Big Smo, at least from the first episode, seems to focus on Smo’s family life, introducing him, his girlfriend of four years Whitney — pictured above with Big Smo, and who serves as a stepmom or sorts to Smo’s two teen daughters, whom he calls his “posse,” in hip-hop parlance — and Smo’s mother, who serves as his “big money person.”

The scenes between Smo and his daughters, and with Whitney, are the most affecting elements of the first episode, and help, so far, differentiate this from being yet another show about a colorful Southern family that we’ve grown accustomed to seeing on A&E and elsewhere. There is a moment when Smo, with his mother’s help, decides he needs to take his relationship with Whitney to the next level and “put a ring on it,” and he has a talk with his daughters about Whitney that is surprisingly touching.

That leads us to another emotional moment, at the end of the episode, where Smo is on the road performing, and he, at the last minute, sends his bandmates back to pick up Whitney and the girls to attend the concert. It is there, onstage in front of an audience, that Smo proposes to Whitney, who accepts. Whitney’s presence in his life, and acceptance of his proposal, has also caused Smo to change the lyrics of one of his songs that imply he’d prefer life without a wife holding him back, to lyrics talking about his wife as a partner in his lifestyle.

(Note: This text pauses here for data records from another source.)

lemma asfg_state_step:
  "asfg_state c n m \<Longrightarrow> step t c u v e \<Longrightarrow> length u = n \<and> length v = m \<and> asfg_state e n m"
proof (induction arbitrary: u v e rule: asfg_state.induct)
  case (11 c n k d m)
  then obtain w c' d' where "step t c u w c'" "step t d w v d'" "e = Seq c' d'"
    by (auto simp: step_Seq_iff)
  with "11.IH" show ?case by (metis asfg_state.intros(11))
next
  case (12 c n1 m1 d n2 m2)
  then show ?case by (auto elim!: step_ParE intro: asfg_state.intros)
next
  case (13 c n m s)
  then show ?case by (auto simp: step_Tr_state_iff intro: asfg_state.intros)
qed (fastforce elim: step.cases intro: asfg_state.intros)+

lemma asfg_state_step_exists: "asfg_state c n m \<Longrightarrow> length u = n \<Longrightarrow> \<exists>v c'. step t c u v c'"
proof (induction arbitrary: u rule: asfg_state.induct)
  case (11 c n k d m)
  then obtain w c' where "step t c u w c'" by blast
  moreover from this have "length w = k" using 11 asfg_state_step by blast
  ultimately show ?case using 11 by (metis step.intros(18))
next
  case (12 c n1 m1 d n2 m2)
  then obtain v1 c' v2 d' where "step t c (take n1 u) v1 c'" "step t d (drop n1 u) v2 d'"
    by (metis length_take length_drop min.absorb2 le_add1 add_diff_cancel_left')
  then show ?case by (metis step.intros(19) append_take_drop_id)
next
  case (13 c n m s)
  then obtain r c' where "step t c (u @ [s]) r c'" by fastforce
  moreover from this have "length r = Suc m" using 13 asfg_state_step by blast
  then obtain v b where "r = v @ [b]" "length v = m"
    by (metis append_butlast_last_id length_butlast diff_Suc_1 list.size(3) nat.distinct(1))
  ultimately show ?case using 13 by (auto simp: step_Tr_state_iff)
qed (auto intro: step.intros simp: length_Suc_conv numeral_2_eq_2)

lemma asfg_state_computation_extends:
  assumes "asfg_state (g 0) n m"
    and "\<forall>j<N. step (t + int j) (g j) (u j) (v j) (g (Suc j))"
  obtains G U V where "G 0 = g 0" and "\<And>j. asfg_state (G j) n m"
    and "\<And>j. step (t + int j) (G j) (U j) (V j) (G (Suc j))"
    and "\<And>j. j < N \<Longrightarrow> U j = u j \<and> V j = v j"
proof -
  \<comment> \<open>Follow g for N steps, then feed zeros.\<close>
  define P where "P j c \<longleftrightarrow> asfg_state c n m \<and> (j \<le> N \<longrightarrow> c = g j)" for j c
  define Q where
    "Q j c c' \<longleftrightarrow> (\<exists>a b. step (t + int j) c a b c' \<and> (j < N \<longrightarrow> a = u j \<and> b = v j))" for j c c'
  have "\<exists>c'. P (Suc j) c' \<and> Q j c c'" if current: "P j c" for j c
  proof (cases "j < N")
    case True
    then show ?thesis
      using current assms(2) asfg_state_step unfolding P_def Q_def by fastforce
  next
    case False
    obtain b c' where "step (t + int j) c (replicate n 0) b c'"
      using current asfg_state_step_exists unfolding P_def by (metis length_replicate)
    then show ?thesis
      using current False asfg_state_step unfolding P_def Q_def by fastforce
  qed
  moreover have "P 0 (g 0)" using assms(1) by (simp add: P_def)
  ultimately obtain G where G: "\<And>j. P j (G j) \<and> Q j (G j) (G (Suc j))"
    using dependent_nat_choice[of P Q] by blast
  then obtain U V where
    "\<And>j. step (t + int j) (G j) (U j) (V j) (G (Suc j)) \<and> (j < N \<longrightarrow> U j = u j \<and> V j = v j)"
    unfolding Q_def by metis
  with G show thesis by (intro that[of G U V]) (auto simp: P_def)
qed
(* Let $n\ge 2$ and consider \textsc{LOTZ}. Let $\mathrm{score}(x,P)$ be any diversity measure that is diversity-favouring on $\{0,1\}^n\setminus\{0^n,1^n\}$ with respect to \textsc{LOTZ} (for example HVC with a reference point $(r_1,r_2)$, $r_1\le-1$, $r_2\le-1$, or CDC). Consider the modified GSEMO with diversity-based parent selection using this measure. Then the expected time to find the whole Pareto front of \textsc{LOTZ} is $O(n^2)$ for the exponential and power law ranking schemes and for tournament selection with tournament size $\mu$, and $O(n^2\log n)$ for the harmonic ranking scheme.
   Context: Search space $\{0,1\}^n$; objectives maximised. $\textsc{LOTZ}(x)=(\mathrm{LO}(x),\mathrm{TZ}(x))$, where $\mathrm{LO}(x)$ is the number of leading ones and $\mathrm{TZ}(x)$ the number of trailing zeros of $x$. Dominance: $y$ dominates $x$ if $f_i(y)\ge f_i(x)$ for all $i$ and strictly for some $i$; weakly dominates if $f_i(y)\ge f_i(x)$ for all $i$. Pareto set $X^*=\{1^i0^{n-i}:0\le i\le n\}$, Pareto front $F^*=f(X^* )$. Modified GSEMO with diversity-based parent selection: let $\mathrm{L}(x)=\mathrm{LO}(x)+\mathrm{TZ}(x)$. Choose $s$ uniformly at random, $P=\{s\}$. In each iteration: let $P'\subseteq P$ be the set of all points of $P$ with maximum $\mathrm{L}$-value; compute $\mathrm{score}(x,P')$ for all $x\in P'$ (with respect to the population $P'$); choose a parent $s\in P'$ according to the parent selection mechanism (applied to $P'$, with $\mu=|P'|$); create $s'$ by flipping each bit of $s$ independently with probability $1/n$; if $s'$ is not dominated by any member of $P$, add it to $P$ and remove all members of $P$ weakly dominated by $s'$. Time = number of iterations until $f(P)=F^*$. Good: w.r.t. population $P$, $x\in P\cap X^*$ is good if some Hamming neighbour $y$ of $x$ satisfies $y\in X^*$ and $f(y)\notin f(P)$; otherwise bad. Diversity-favouring on $S$: for every population $P$ and all $x,y\in P\cap X^*\cap S$, $x$ bad and $y$ good imply $\mathrm{score}(x,P)<\mathrm{score}(y,P)$. HVC with reference point $(r_1,r_2)$: sort population by increasing $f_1$ as $x_1,\dots,x_\mu$, set $f_1(x_0)=r_1$, $f_2(x_{\mu+1})=r_2$, $\mathrm{HVC}(x_i,P)=(f_1(x_i)-f_1(x_{i-1}))(f_2(x_i)-f_2(x_{i+1}))$. CDC: each point starts at 0; for each objective $m$, sort ascending by $f_m$, boundary points get $\infty$, intermediate $P[i]$ gets $+(f_m(P[i+1])-f_m(P[i-1]))/(f_m^{\max}-f_m^{\min})$ ($f_m^{\max},f_m^{\min}$ max and min values of objective $m$). Parent selection: sort by non-increasing score; $i$-th ranked chosen with probability $2^{-i}/\sum_{j=1}^\mu2^{-j}$ (exponential), $i^{-2}/\sum_{j=1}^\mu j^{-2}$ (power law), $i^{-1}/\sum_{j=1}^\mu j^{-1}$ (harmonic); tournament of size $\mu$: draw $\mu$ individuals uniformly with replacement, select the one with highest score. *)

theory Defs
  imports "HOL-Probability.Probability"
begin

The proposal was one of the moments in Big Smo that felt most real. Some of the other interactions between the people felt scripted even more than usual for a show like this. But the moments when the characters speak into the camera felt more real, especially Whitney, who I found to be the most endearing character of the series, so far. Smo’s bandmates seem like they are tacked on to pad time and add more humor (though I didn’t find them overly hilarious), and they are sort of annoying, at one point interrupting a romantic evening between Smo and Whitney to bicker about who is going to be the opening act for Smo’s next concert.

Although I didn’t hear enough of Smo’s music in this first episode to form an opinion on that (though, frankly, the little snippets I did hear made me think I probably wouldn’t be into it that much), Smo, his mom, Whitney and the girls are likeable enough that I was surprised to care as much about them as I did. We’ll see if that continues, and if Smo really does — in the words of his late father — “go big or go home.” It kind of seems like going home wouldn’t be the worst result for Smo, if things end up that way. There are a lot of good folks waiting for him there.